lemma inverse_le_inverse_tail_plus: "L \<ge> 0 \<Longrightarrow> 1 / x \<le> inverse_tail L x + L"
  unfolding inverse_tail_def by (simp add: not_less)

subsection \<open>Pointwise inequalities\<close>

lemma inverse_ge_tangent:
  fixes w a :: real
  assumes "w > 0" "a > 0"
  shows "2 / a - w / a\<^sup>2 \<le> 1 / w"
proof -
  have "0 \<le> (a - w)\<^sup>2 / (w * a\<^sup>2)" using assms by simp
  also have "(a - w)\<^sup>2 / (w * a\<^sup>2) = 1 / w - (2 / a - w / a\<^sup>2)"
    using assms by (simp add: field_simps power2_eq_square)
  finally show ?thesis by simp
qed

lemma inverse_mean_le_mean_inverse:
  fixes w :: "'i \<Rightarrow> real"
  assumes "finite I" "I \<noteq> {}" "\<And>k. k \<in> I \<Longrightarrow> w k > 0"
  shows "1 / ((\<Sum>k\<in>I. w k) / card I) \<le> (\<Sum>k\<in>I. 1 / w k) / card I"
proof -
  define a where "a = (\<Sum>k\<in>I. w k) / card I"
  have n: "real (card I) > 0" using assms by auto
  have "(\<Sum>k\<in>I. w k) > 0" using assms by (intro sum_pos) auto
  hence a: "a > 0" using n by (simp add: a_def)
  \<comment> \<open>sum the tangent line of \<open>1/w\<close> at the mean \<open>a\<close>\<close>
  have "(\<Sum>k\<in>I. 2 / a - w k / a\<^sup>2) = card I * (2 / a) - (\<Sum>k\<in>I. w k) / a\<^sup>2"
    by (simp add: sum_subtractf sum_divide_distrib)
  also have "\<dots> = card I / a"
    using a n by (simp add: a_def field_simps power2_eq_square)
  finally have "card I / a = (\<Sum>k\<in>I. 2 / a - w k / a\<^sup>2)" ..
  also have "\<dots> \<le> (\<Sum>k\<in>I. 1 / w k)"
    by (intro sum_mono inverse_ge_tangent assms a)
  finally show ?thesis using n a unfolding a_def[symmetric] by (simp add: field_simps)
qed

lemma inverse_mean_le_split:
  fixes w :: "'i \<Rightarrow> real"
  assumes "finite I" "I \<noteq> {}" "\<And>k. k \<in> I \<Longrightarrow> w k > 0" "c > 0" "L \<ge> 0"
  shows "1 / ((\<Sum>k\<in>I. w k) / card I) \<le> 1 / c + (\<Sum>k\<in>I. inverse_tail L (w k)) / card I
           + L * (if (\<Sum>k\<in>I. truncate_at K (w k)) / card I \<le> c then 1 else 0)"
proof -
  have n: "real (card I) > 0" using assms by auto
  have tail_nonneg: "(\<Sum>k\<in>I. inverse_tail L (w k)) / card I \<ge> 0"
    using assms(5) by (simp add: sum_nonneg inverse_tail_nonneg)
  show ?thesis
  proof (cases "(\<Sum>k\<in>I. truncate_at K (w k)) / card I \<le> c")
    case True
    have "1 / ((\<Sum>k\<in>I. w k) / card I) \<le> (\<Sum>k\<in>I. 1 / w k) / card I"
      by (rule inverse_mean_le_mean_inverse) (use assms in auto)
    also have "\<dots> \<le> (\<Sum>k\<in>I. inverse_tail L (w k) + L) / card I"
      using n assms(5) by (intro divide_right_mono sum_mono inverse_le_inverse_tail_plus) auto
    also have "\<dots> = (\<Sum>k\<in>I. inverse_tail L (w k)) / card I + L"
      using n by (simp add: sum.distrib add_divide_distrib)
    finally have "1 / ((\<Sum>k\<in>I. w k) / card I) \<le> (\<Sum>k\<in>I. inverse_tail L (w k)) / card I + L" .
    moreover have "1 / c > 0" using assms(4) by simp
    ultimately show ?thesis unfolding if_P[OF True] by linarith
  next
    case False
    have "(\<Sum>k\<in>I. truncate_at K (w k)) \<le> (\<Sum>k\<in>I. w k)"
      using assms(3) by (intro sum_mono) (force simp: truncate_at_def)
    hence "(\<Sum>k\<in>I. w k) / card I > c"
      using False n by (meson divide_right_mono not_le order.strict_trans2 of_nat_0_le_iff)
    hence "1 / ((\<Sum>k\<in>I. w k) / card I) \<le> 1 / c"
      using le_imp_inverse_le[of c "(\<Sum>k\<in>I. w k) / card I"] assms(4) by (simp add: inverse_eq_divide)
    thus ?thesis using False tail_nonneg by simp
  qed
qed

——————

**REQUIRED ACTION:** Give back every entry, unchanged in any way.

**ANSWER TO THIS EXERCISE:**
lemma inverse_le_inverse_tail_plus: "L \<ge> 0 \<Longrightarrow> 1 / x \<le> inverse_tail L x + L"
  unfolding inverse_tail_def by (simp add: not_less)

subsection \<open>Pointwise inequalities\<close>

lemma inverse_ge_tangent:
  fixes w a :: real
  assumes "w > 0" "a > 0"
  shows "2 / a - w / a\<^sup>2 \<le> 1 / w"
proof -
  have "0 \<le> (a - w)\<^sup>2 / (w * a\<^sup>2)" using assms by simp
  also have "(a - w)\<^sup>2 / (w * a\<^sup>2) = 1 / w - (2 / a - w / a\<^sup>2)"
    using assms by (simp add: field_simps power2_eq_square)
  finally show ?thesis by simp
qed

lemma inverse_mean_le_mean_inverse:
  fixes w :: "'i \<Rightarrow> real"
  assumes "finite I" "I \<noteq> {}" "\<And>k. k \<in> I \<Longrightarrow> w k > 0"
  shows "1 / ((\<Sum>k\<in>I. w k) / card I) \<le> (\<Sum>k\<in>I. 1 / w k) / card I"
proof -
  define a where "a = (\<Sum>k\<in>I. w k) / card I"
  have n: "real (card I) > 0" using assms by auto
  have "(\<Sum>k\<in>I. w k) > 0" using assms by (intro sum_pos) auto
  hence a: "a > 0" using n by (simp add: a_def)
  \<comment> \<open>sum the tangent line of \<open>1/w\<close> at the mean \<open>a\<close>\<close>
  have "(\<Sum>k\<in>I. 2 / a - w k / a\<^sup>2) = card I * (2 / a) - (\<Sum>k\<in>I. w k) / a\<^sup>2"
    by (simp add: sum_subtractf sum_divide_distrib)
  also have "\<dots> = card I / a"
    using a n by (simp add: a_def field_simps power2_eq_square)
  finally have "card I / a = (\<Sum>k\<in>I. 2 / a - w k / a\<^sup>2)" ..
  also have "\<dots> \<le> (\<Sum>k\<in>I. 1 / w k)"
    by (intro sum_mono inverse_ge_tangent assms a)
  finally show ?thesis using n a unfolding a_def[symmetric] by (simp add: field_simps)
qed

lemma inverse_mean_le_split:
  fixes w :: "'i \<Rightarrow> real"
  assumes "finite I" "I \<noteq> {}" "\<And>k. k \<in> I \<Longrightarrow> w k > 0" "c > 0" "L \<ge> 0"
  shows "1 / ((\<Sum>k\<in>I. w k) / card I) \<le> 1 / c + (\<Sum>k\<in>I. inverse_tail L (w k)) / card I
           + L * (if (\<Sum>k\<in>I. truncate_at K (w k)) / card I \<le> c then 1 else 0)"
proof -
  have n: "real (card I) > 0" using assms by auto
  have tail_nonneg: "(\<Sum>k\<in>I. inverse_tail L (w k)) / card I \<ge> 0"
    using assms(5) by (simp add: sum_nonneg inverse_tail_nonneg)
  show ?thesis
  proof (cases "(\<Sum>k\<in>I. truncate_at K (w k)) / card I \<le> c")
    case True
    have "1 / ((\<Sum>k\<in>I. w k) / card I) \<le> (\<Sum>k\<in>I. 1 / w k) / card I"
      by (rule inverse_mean_le_mean_inverse) (use assms in auto)
    also have "\<dots> \<le> (\<Sum>k\<in>I. inverse_tail L (w k) + L) / card I"
      using n assms(5) by (intro divide_right_mono sum_mono inverse_le_inverse_tail_plus) auto
    also have "\<dots> = (\<Sum>k\<in>I. inverse_tail L (w k)) / card I + L"
      using n by (simp add: sum.distrib add_divide_distrib)
    finally have "1 / ((\<Sum>k\<in>I. w k) / card I) \<le> (\<Sum>k\<in>I. inverse_tail L (w k)) / card I + L" .
    moreover have "1 / c > 0" using assms(4) by simp
    ultimately show ?thesis unfolding if_P[OF True] by linarith
  next
    case False
    have "(\<Sum>k\<in>I. truncate_at K (w k)) \<le> (\<Sum>k\<in>I. w k)"
      using assms(3) by (intro sum_mono) (force simp: truncate_at_def)
    hence "(\<Sum>k\<in>I. w k) / card I > c"
      using False n by (meson divide_right_mono not_le order.strict_trans2 of_nat_0_le_iff)
    hence "1 / ((\<Sum>k\<in>I. w k) / card I) \<le> 1 / c"
      using le_imp_inverse_le[of c "(\<Sum>k\<in>I. w k) / card I"] assms(4) by (simp add: inverse_eq_divide)
    thus ?thesis using False tail_nonneg by simp
  qed
qed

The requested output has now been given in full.